Simulate example data from the following paper: Kim, Jae Kwang, and Zhonglei Wang. “Sampling techniques for big data analysis.” International Statistical Review 87 (2019): S177-S191 [section 5.2]

library(survey)
library(nonprobsvy)

set.seed(1234567890)
N <- 1e6 ## 1000000
n <- 1000
x1 <- rnorm(n = N, mean = 1, sd = 1)
x2 <- rexp(n = N, rate = 1)
epsilon <- rnorm(n = N) # rnorm(N)
y1 <- 1 + x1 + x2 + epsilon
y2 <- 0.5*(x1 - 0.5)^2 + x2 + epsilon
p1 <- exp(x2)/(1+exp(x2))
p2 <- exp(-0.5+0.5*(x2-2)^2)/(1+exp(-0.5+0.5*(x2-2)^2))
flag_bd1 <- rbinom(n = N, size = 1, prob = p1)
flag_srs <- as.numeric(1:N %in% sample(1:N, size = n))
base_w_srs <- N/n
population <- data.frame(x1,x2,y1,y2,p1,p2,base_w_srs, flag_bd1, flag_srs, pop_size = N)
base_w_bd <- N/sum(population$flag_bd1)

Declare svydesign object with survey package

sample_prob <- svydesign(ids= ~1, weights = ~ base_w_srs, 
                         data = subset(population, flag_srs == 1),
                         fpc = ~ pop_size)

sample_prob
#> Independent Sampling design
#> svydesign(ids = ~1, weights = ~base_w_srs, data = subset(population, 
#>     flag_srs == 1), fpc = ~pop_size)

or with the srvyr package

sample_prob <- srvyr::as_survey_design(.data = subset(population, flag_srs == 1),
                                       weights = base_w_srs)

sample_prob

Independent Sampling design (with replacement)
Called via srvyr
Sampling variables:
Data variables: 
  - x1 (dbl), x2 (dbl), y1 (dbl), y2 (dbl), p1 (dbl), p2 (dbl), base_w_srs (dbl), flag_bd1 (int), flag_srs (dbl)

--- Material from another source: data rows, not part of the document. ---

(* (Quantum Minimax Theorem.) For every two-player zero-sum static quantum game (as defined in the context), with $P(\chi,\xi)=\sum_{\alpha,\beta,\gamma,\delta}\chi_{\alpha\beta}\xi_{\gamma\delta}A_{\alpha\beta\gamma\delta}$ the payoff of player I, $$\max_{\chi\in\Omega_{\mathrm{I}}}\min_{\xi\in\Omega_{\mathrm{II}}}P(\chi,\xi)=\min_{\xi\in\Omega_{\mathrm{II}}}\max_{\chi\in\Omega_{\mathrm{I}}}P(\chi,\xi).$$
   Context: A two-player static quantum game: each of two players receives $q$ qubits, $n=2^q$. The referee prepares a density matrix $\rho$ on $\mathbb{C}^n\otimes\mathbb{C}^n$, sends the first $q$ qubits to player I and the last $q$ to player II; each applies a trace-preserving completely positive map to their part and returns it; the referee measures with a POVM $\{M_m\}_{m=1}^L$ and awards player $k\in\{\mathrm{I},\mathrm{II}\}$ the amount $a^k_m\in\mathbb{R}$ on outcome $m$. The game is zero-sum if $a^{\mathrm{I}}_m=-a^{\mathrm{II}}_m$ for all $m$. Let $R=\sum_m a^{\mathrm{I}}_m M_m^\dagger M_m$. Fix a basis $\{\tilde E_\alpha\}_{\alpha=1}^{4^q}$ of the $n\times n$ complex matrices. A trace-preserving completely positive map with Kraus operators $E_j=\sum_\alpha e_{j\alpha}\tilde E_\alpha$ is represented by its chi matrix $\chi_{\alpha\beta}=\sum_j e_{j\alpha}\overline{e_{j\beta}}$. The strategy sets $\Omega_{\mathrm{I}}=\Omega_{\mathrm{II}}$ are the set of all $4^q\times4^q$ positive semidefinite Hermitian matrices $\chi$ with $\sum_{\alpha,\beta}\overline{\chi_{\alpha\beta}}\tilde E_\alpha^\dagger\tilde E_\beta=I$. The coefficients are $A_{\alpha\beta\gamma\delta}=\mathrm{tr}\big[R(\tilde E_\alpha\otimes\tilde E_\gamma)\rho(\tilde E_\beta^\dagger\otimes\tilde E_\delta^\dagger)\big]$; then $P(\chi,\xi)$ equals $\mathrm{tr}(R\pi)$ for the final state $\pi$ when player I plays $\chi$ and player II plays $\xi$, and it is real. *)

theory Defs
  imports "HOL-Analysis.Analysis"
begin

text \<open>The one-player space C^n is indexed by a finite type 'n with CARD('n) = 2^q;
  the two-player space C^n \<otimes> C^n is indexed by 'n \<times> 'n (first component = first q qubits,
  sent to player I).\<close>

definition adj :: "complex^'m^'n \<Rightarrow> complex^'n^'m" where
  "adj M = (\<chi> i j. cnj (M $ j $ i))"

definition kron :: "complex^'n^'n \<Rightarrow> complex^'n^'n \<Rightarrow> complex^('n \<times> 'n)^('n \<times> 'n)" where
  "kron A B = (\<chi> p r. A $ fst p $ fst r * B $ snd p $ snd r)"

definition hermitian :: "complex^'n^'n \<Rightarrow> bool" where
  "hermitian M \<longleftrightarrow> adj M = M"

definition psd :: "complex^'n^'n \<Rightarrow> bool" where
  "psd M \<longleftrightarrow> (\<forall>x :: complex^'n. (\<Sum>i\<in>UNIV. cnj (x $ i) * (M *v x) $ i) \<in> \<real> \<and>
                   0 \<le> Re (\<Sum>i\<in>UNIV. cnj (x $ i) * (M *v x) $ i))"

definition density_matrix :: "complex^'n^'n \<Rightarrow> bool" where
  "density_matrix \<rho> \<longleftrightarrow> psd \<rho> \<and> trace \<rho> = 1"

definition povm :: "('o::finite \<Rightarrow> complex^'n^'n) \<Rightarrow> bool" where
  "povm M \<longleftrightarrow> (\<Sum>m\<in>UNIV. adj (M m) ** M m) = mat 1"

definition matrix_basis :: "('b::finite \<Rightarrow> complex^'n^'n) \<Rightarrow> bool" where
  "matrix_basis E \<longleftrightarrow>
     (\<forall>c :: 'b \<Rightarrow> complex. (\<forall>i j. (\<Sum>a\<in>UNIV. c a * E a $ i $ j) = 0) \<longrightarrow> (\<forall>a. c a = 0)) \<and>
     (\<forall>X :: complex^'n^'n. \<exists>c :: 'b \<Rightarrow> complex. \<forall>i j. X $ i $ j = (\<Sum>a\<in>UNIV. c a * E a $ i $ j))"

definition payoff_op :: "('o::finite \<Rightarrow> real) \<Rightarrow> ('o \<Rightarrow> complex^'n^'n) \<Rightarrow> complex^'n^'n" where
  "payoff_op a M = (\<Sum>m\<in>UNIV. (\<chi> i j. complex_of_real (a m) * (adj (M m) ** M m) $ i $ j))"

definition strategies :: "('b::finite \<Rightarrow> complex^'n^'n) \<Rightarrow> (complex^'b^'b) set" where
  "strategies E = {X. psd X \<and> hermitian X \<and>
      (\<Sum>\<alpha>\<in>UNIV. \<Sum>\<beta>\<in>UNIV. (\<chi> i j. cnj (X $ \<alpha> $ \<beta>) * (adj (E \<alpha>) ** E \<beta>) $ i $ j)) = mat 1}"

definition coeffA ::
  "complex^('n \<times> 'n)^('n \<times> 'n) \<Rightarrow> complex^('n \<times> 'n)^('n \<times> 'n) \<Rightarrow> ('b::finite \<Rightarrow> complex^'n^'n)
     \<Rightarrow> 'b \<Rightarrow> 'b \<Rightarrow> 'b \<Rightarrow> 'b \<Rightarrow> complex" where
  "coeffA R \<rho> E \<alpha> \<beta> \<gamma> \<delta> =
     trace (R ** kron (E \<alpha>) (E \<gamma>) ** \<rho> ** kron (adj (E \<beta>)) (adj (E \<delta>)))"

text \<open>P(\<chi>,\<xi>) = \<Sum> \<chi>_{\<alpha>\<beta>} \<xi>_{\<gamma>\<delta>} A_{\<alpha>\<beta>\<gamma>\<delta>} (a complex number, real on \<Omega> \<times> \<Omega>).\<close>
definition game_payoff ::
  "complex^('n \<times> 'n)^('n \<times> 'n) \<Rightarrow> complex^('n \<times> 'n)^('n \<times> 'n) \<Rightarrow> ('b::finite \<Rightarrow> complex^'n^'n)
     \<Rightarrow> complex^'b^'b \<Rightarrow> complex^'b^'b \<Rightarrow> complex" where
  "game_payoff R \<rho> E X Y =
     (\<Sum>\<alpha>\<in>UNIV. \<Sum>\<beta>\<in>UNIV. \<Sum>\<gamma>\<in>UNIV. \<Sum>\<delta>\<in>UNIV.
        X $ \<alpha> $ \<beta> * Y $ \<gamma> $ \<delta> * coeffA R \<rho> E \<alpha> \<beta> \<gamma> \<delta>)"

end

theory Submission
  imports Defs
begin

(* The payoff P is real-bilinear in the two chi matrices and the strategy set \<Omega> is a nonempty
  compact convex subset of a Euclidean space, so the theorem is von Neumann's minimax theorem for
  bilinear forms. A saddle point is a fixed point, provided by Brouwer's theorem, of the projected
  gradient map (x, y) \<mapsto> (proj (x + grad_x P), proj (y - grad_y P)).
  \<Omega> is closed and convex, being cut out by positivity of the forms v^H \<chi> v, hermiticity and the
  affine trace-preservation condition. It is bounded because the Choi matrix of \<chi> depends linearly
  and injectively on \<chi>, and on \<Omega> its entries are values w^H \<chi> w' bounded by the diagonal ones,
  which are nonnegative and sum to n by trace preservation. It is nonempty: writing the identity
  as \<Sum> c\<^sub>\<alpha> E\<^sub>\<alpha>, the matrix c c^H is the chi matrix of the identity channel. *)

lemma linear_eq_inner_gradient:
  fixes f :: "'a::euclidean_space \<Rightarrow> real"
  assumes "linear f"
  shows "f x = x \<bullet> (\<Sum>b\<in>Basis. f b *\<^sub>R b)"
proof -
  have "f x = f (\<Sum>b\<in>Basis. (x \<bullet> b) *\<^sub>R b)" by (simp only: euclidean_representation)
  also have "\<dots> = x \<bullet> (\<Sum>b\<in>Basis. f b *\<^sub>R b)"
    by (simp add: linear_sum[OF assms] linear_scale[OF assms] inner_sum_right mult.commute)
  finally show ?thesis .
qed

lemma linear_continuous_on_euclidean:
  fixes f :: "'a::euclidean_space \<Rightarrow> 'b::real_normed_vector"
  shows "linear f \<Longrightarrow> continuous_on S f"
  by (simp add: linear_conv_bounded_linear linear_continuous_on)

Estimate population mean of y1 based on doubly robust estimator using IPW with calibration constraints and we specify that auxiliary variables should not be combined for the inference.

result_dr <- nonprob(
  selection = ~ x2,
  outcome = y1 + y2 ~ x1 + x2,
  data = subset(population, flag_bd1 == 1),
  svydesign = sample_prob
)

Results

result_dr
#> A nonprob object
#>  - estimator type: doubly robust
#>  - method: glm (gaussian)
#>  - auxiliary variables source: survey
#>  - vars selection: false
#>  - variance estimator: analytic
#>  - population size fixed: false
#>  - naive (uncorrected) estimators:
#>    - variable y1: 3.1817
#>    - variable y2: 1.8087
#>  - selected estimators:
#>    - variable y1: 2.9500 (se=0.0414, ci=(2.8689, 3.0312))
#>    - variable y2: 1.5762 (se=0.0313, ci=(1.5150, 1.6375))

Mass imputation estimator

result_mi <- nonprob(
  outcome = y1 + y2 ~ x1 + x2,
  data = subset(population, flag_bd1 == 1),
  svydesign = sample_prob
)

Results

result_mi
#> A nonprob object
#>  - estimator type: mass imputation
#>  - method: glm (gaussian)
#>  - auxiliary variables source: survey
#>  - vars selection: false
#>  - variance estimator: analytic
#>  - population size fixed: false
#>  - naive (uncorrected) estimators:
#>    - variable y1: 3.1817
#>    - variable y2: 1.8087
#>  - selected estimators:
#>    - variable y1: 2.9498 (se=0.0420, ci=(2.8675, 3.0321))
#>    - variable y2: 1.5760 (se=0.0326, ci=(1.5122, 1.6398))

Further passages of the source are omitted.